Note: fractions containing D-AST (>95%) were combined and concentrated to give D-AST (2.1 mg, 30%); HRMS m/z calcd for: C5H13AsNO4 [M + H]+ 226.0055, found 226.0059.

(S)-2-Amino-4-(hydroxymethylarsinoyl)butanoic acid (L-AST). 2 M HCl (5 mL) was added into 13 (3.0 mg, 0.013 mmol) in round bottom flask, and the resulting mixture was refluxed at 120 °C (oil bath) for 3 h. Volatiles were evaporated at reduced pressure. The residue was dissolved in 2 mL H2O and separated by Sephadex LH-20 size-exclusion chromatography. Fractions containing L-AST (>95%) were combined and concentrated at reduced pressure to give L-AST (1.9 mg, 75%) as a white solid: 1H NMR δ 1.73 (s, 3H), 2.08–2.29 (m, 4H), 3.83 (t, J = 5.6 Hz, 1H); 13C NMR δ 15.66, 23.35, 28.80, 54.70, 173.52; HRMS m/z calcd for C5H13AsNO4 [M + H]+ 226.0055, found 226.0056.

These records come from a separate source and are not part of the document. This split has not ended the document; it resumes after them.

theorem proposition1:
  fixes N T :: nat and \<alpha>0 \<beta>0 :: real and \<xi> :: "nat \<Rightarrow> nat" and cp cu :: "nat \<Rightarrow> real"
  assumes "N \<ge> 1" and "T \<ge> 1" and "\<alpha>0 > 0" and "\<beta>0 > 0"
    and "\<forall>i\<in>{1..N}. \<xi> i \<ge> 1 \<and> 0 < cp i \<and> cp i < cu i"
    and "i \<in> {1..N}" and "t \<le> T"
  shows "(\<forall>k x x'. x \<le> x' \<longrightarrow>
            Vtil N T \<alpha>0 \<beta>0 (\<xi> i) (cp i) (cu i) t x k \<le> Vtil N T \<alpha>0 \<beta>0 (\<xi> i) (cp i) (cu i) t x' k)
       \<and> (\<forall>x k k'. k \<le> k' \<longrightarrow>
            Vtil N T \<alpha>0 \<beta>0 (\<xi> i) (cp i) (cu i) t x k \<le> Vtil N T \<alpha>0 \<beta>0 (\<xi> i) (cp i) (cu i) t x k')"
proof -
  have "0 < cp i" "cp i < cu i" using assms(5,6) by auto
  then have "bounded_monotone (real (Suc (T - t)) * cu i)
      (Vrem N T \<alpha>0 \<beta>0 (\<xi> i) (cp i) (cu i) (T - t))"
    using bounded_monotone_Vrem assms(1,3,4) by blast
  then show ?thesis unfolding Vtil_def bounded_monotone_def by blast
qed

end
lemma continuous_abs_le_SUP:
  fixes g :: "'a::topological_space \<Rightarrow> real"
  assumes "compact S" "continuous_on S g" "x \<in> S"
  shows "\<bar>g x\<bar> \<le> (SUP y\<in>S. \<bar>g y\<bar>)"
proof -
  have "compact ((\<lambda>y. \<bar>g y\<bar>) ` S)"
    using assms by (intro compact_continuous_image continuous_intros)
  then show ?thesis
    using assms(3) by (intro cSUP_upper bounded_imp_bdd_above compact_imp_bounded)
qed

lemma caputo_linear_product_integration_error_unit_interval:
  fixes f f' f'' :: "real \<Rightarrow> real" and \<beta> h K :: real and r :: nat
  assumes beta: "1 < \<beta>" "\<beta> < 2" and h: "0 < h" and rh: "real r * h \<le> 1"
    and f: "\<And>x. x \<in> {0..1} \<Longrightarrow> (f has_real_derivative f' x) (at x within {0..1})"
    and f': "\<And>x. x \<in> {0..1} \<Longrightarrow> (f' has_real_derivative f'' x) (at x within {0..1})"
    and f'': "\<And>x. x \<in> {0..1} \<Longrightarrow> \<bar>f'' x\<bar> \<le> K"
  shows "\<bar>caputo \<beta> f (real r * h)
      - (h powr (2 - \<beta>) / Gamma (2 - \<beta>)) * (\<Sum>j = 0..r. wgt \<beta> j r * f (real j * h))\<bar>
    \<le> h^2 * K / (8 * Gamma (3 - \<beta>))"
proof -
  have "continuous_on {0..1} f"
    unfolding continuous_on_eq_continuous_within using f by (blast intro: DERIV_continuous)
  then have "continuous_on {0..real r * h} f"
    by (rule continuous_on_subset) (use rh in auto)
  then have "\<bar>caputo \<beta> f (real r * h)
      - (h powr (2 - \<beta>) / Gamma (2 - \<beta>)) * (\<Sum>j = 0..r. wgt \<beta> j r * f (real j * h))\<bar>
    \<le> K * h^2 / 8 * (real r * h) powr (2 - \<beta>) / Gamma (3 - \<beta>)"
  proof (rule caputo_linear_product_integration_error[OF beta h])
    fix j s assume j: "j < r" and s: "s \<in> {real j * h .. real (Suc j) * h}"
    have "real (Suc j) * h \<le> real r * h" using j h by (simp add: mult_right_mono)
    with rh have "real (Suc j) * h \<le> 1" by linarith
    moreover have "0 \<le> x" if "real j * h \<le> x" for x
      using that h by (meson mult_nonneg_nonneg of_nat_0_le_iff order_trans less_imp_le)
    ultimately have "\<bar>f s - (f (real j * h) * (real (Suc j) * h - s) + f (real (Suc j) * h) * (s - real j * h))
        / (real (Suc j) * h - real j * h)\<bar> \<le> K * (real (Suc j) * h - real j * h)^2 / 8"
      using h s
      by (intro linear_interpolation_error[where f' = f' and f'' = f''] DERIV_subset[OF f]
            DERIV_subset[OF f'] f'') auto
    then show "\<bar>f s - (f (real j * h) * (real (Suc j) * h - s)
        + f (real (Suc j) * h) * (s - real j * h)) / h\<bar> \<le> K * h^2 / 8"
      by (simp add: algebra_simps)
  qed
  also have "\<dots> \<le> h^2 * K / (8 * Gamma (3 - \<beta>))"
  proof -
    have "0 \<le> K" using f''[of 0] by simp
    moreover have "(real r * h) powr (2 - \<beta>) \<le> 1" using rh h beta by (intro powr_le1) auto
    ultimately have "K * h^2 / 8 * (real r * h) powr (2 - \<beta>) \<le> K * h^2 / 8"
      by (intro mult_left_le) auto
    moreover have "0 < Gamma (3 - \<beta>)" using beta by (intro Gamma_real_pos) simp
    ultimately show ?thesis by (simp add: ac_simps divide_right_mono)
  qed
  finally show ?thesis .
qed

Derivatization of AST with Marfey's reagent

Sample of racemic AST or L-AST (5 μmol) is dissolved in 100 μL of water. 2 mg of 1-fluoro-2,4-dinitrophenyl-5-L-alanine amide (Marfey's reagent) is dissolved in 200 μL of acetone (1% solution). Solution of Marfey's reagent is added to the dissolved AST sample followed by 40 μL of 1 M NaHCO3. Reaction is set up at 40 °C for 1 h after which is quenched by addition of 20 μL of 2 M HCl. Small aliquot is taken, diluted with DMSO and injected on RP HPLC (column: Vydac Denali C-18, 5 μM, 120 Å). Elution method 100% A for 5 min followed by linear gradient of 0–100% B over 40 min where A is 0.1% TFA in H2O and B is 0.1% TFA in ACN. Eluting products were detected by UV at 340 nm. Results are shown in Fig. S1 in ESI.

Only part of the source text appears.